As for the Mexican peso (MXN), it continues to trade within a long-held range of 16.00–22.00 per U.S. dollar, with forecasts suggesting slight depreciation to around 18.92 in 2026. Recent interest rate cuts by Banxico, reducing the benchmark rate to 7.75%, may narrow the interest rate differential with the U.S., altering the appeal of the peso. Trade relations remain a concern, particularly due to tariffs imposed by the U.S. and recent trade suspensions affecting imports from Mexico.
Given the current value of CAD to MXN at 13.14, just below its three-month average, CAD's movements will heavily depend on trends in oil prices, which have recently dipped to 30-day lows at $61.94. This price is 4.1% below its three-month average, reflecting significant volatility in the oil market that typically influences the CAD due to Canada’s status as a major oil exporter.

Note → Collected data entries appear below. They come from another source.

lemma AE_tail_integral_pos:
  fixes g :: "real \<Rightarrow> real"
  assumes g_int: "integrable lborel g" and g_nonneg: "\<And>x. 0 \<le> g x"
  shows "AE x in lborel. g x \<noteq> 0 \<longrightarrow> 0 < (LINT u:{x..}|lborel. g u)"
proof -
  \<comment> \<open>S is an up-ray; the rays [q, \<infinity>) with rational q \<in> S cover it except possibly for its minimum.\<close>
  define S where "S = {s. (LINT u:{s..}|lborel. g u) = 0}"
  have S_upward: "s' \<in> S" if "s \<in> S" "s \<le> s'" for s s'
    using that tail_integral_antimono[OF g_int g_nonneg, of s s'] tail_integral_nonneg[of g, OF g_nonneg]
    unfolding S_def by (simp add: order.eq_iff)
  have AE_above: "AE u in lborel. s \<le> u \<longrightarrow> g u = 0" if "s \<in> S" for s
  proof -
    have "integrable lborel (\<lambda>u. indicator {s..} u * g u)"
      using integrable_mult_indicator[OF _ g_int, of "{s..}"] by simp
    then have "AE u in lborel. indicator {s..} u * g u = 0"
      using that g_nonneg unfolding S_def set_lebesgue_integral_def
      by (subst integral_nonneg_eq_0_iff_AE[symmetric]) auto
    then show ?thesis by eventually_elim (auto simp: indicator_def)
  qed
  have "countable (S \<inter> \<rat>)"
    by (rule countable_subset[OF _ countable_rat]) auto
  then have "AE u in lborel. \<forall>q\<in>S \<inter> \<rat>. q \<le> u \<longrightarrow> g u = 0"
    by (subst AE_ball_countable) (auto intro: AE_above)
  moreover have "AE u in lborel. u \<notin> {s \<in> S. \<forall>s'\<in>S. s \<le> s'}"
  proof (intro AE_not_in countable_imp_null_set_lborel)
    have "{s \<in> S. \<forall>s'\<in>S. s \<le> s'} \<subseteq> {Inf S}"
      by (auto intro: cInf_eq_minimum[symmetric])
    then show "countable {s \<in> S. \<forall>s'\<in>S. s \<le> s'}"
      by (rule countable_subset) simp
  qed
  ultimately show ?thesis
  proof eventually_elim
    case (elim u)
    show ?case
    proof (intro impI)
      assume "g u \<noteq> 0"
      have "u \<notin> S"
      proof
        assume "u \<in> S"
        with elim(2) obtain s where "s \<in> S" "s < u" by force
        then obtain q where "q \<in> \<rat>" "s < q" "q < u" using Rats_dense_in_real by blast
        with \<open>s \<in> S\<close> have "q \<in> S \<inter> \<rat>" using S_upward by auto
        with elim(1) \<open>q < u\<close> \<open>g u \<noteq> 0\<close> show False by (meson less_imp_le)
      qed
      then show "0 < (LINT u:{u..}|lborel. g u)"
        using tail_integral_nonneg[of g, OF g_nonneg] by (simp add: S_def order_less_le)
    qed
  qed
qed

Analysts emphasize that future performance of both currencies will hinge on ongoing economic developments and shifts in trade policies. The CAD may benefit from potential rebounds in oil prices and stable economic indicators, while the MXN's outlook will be shaped by external trade dynamics and foreign direct investment trends. Monitoring these economic indicators remains crucial for individuals and businesses engaged in currency transactions involving CAD and MXN.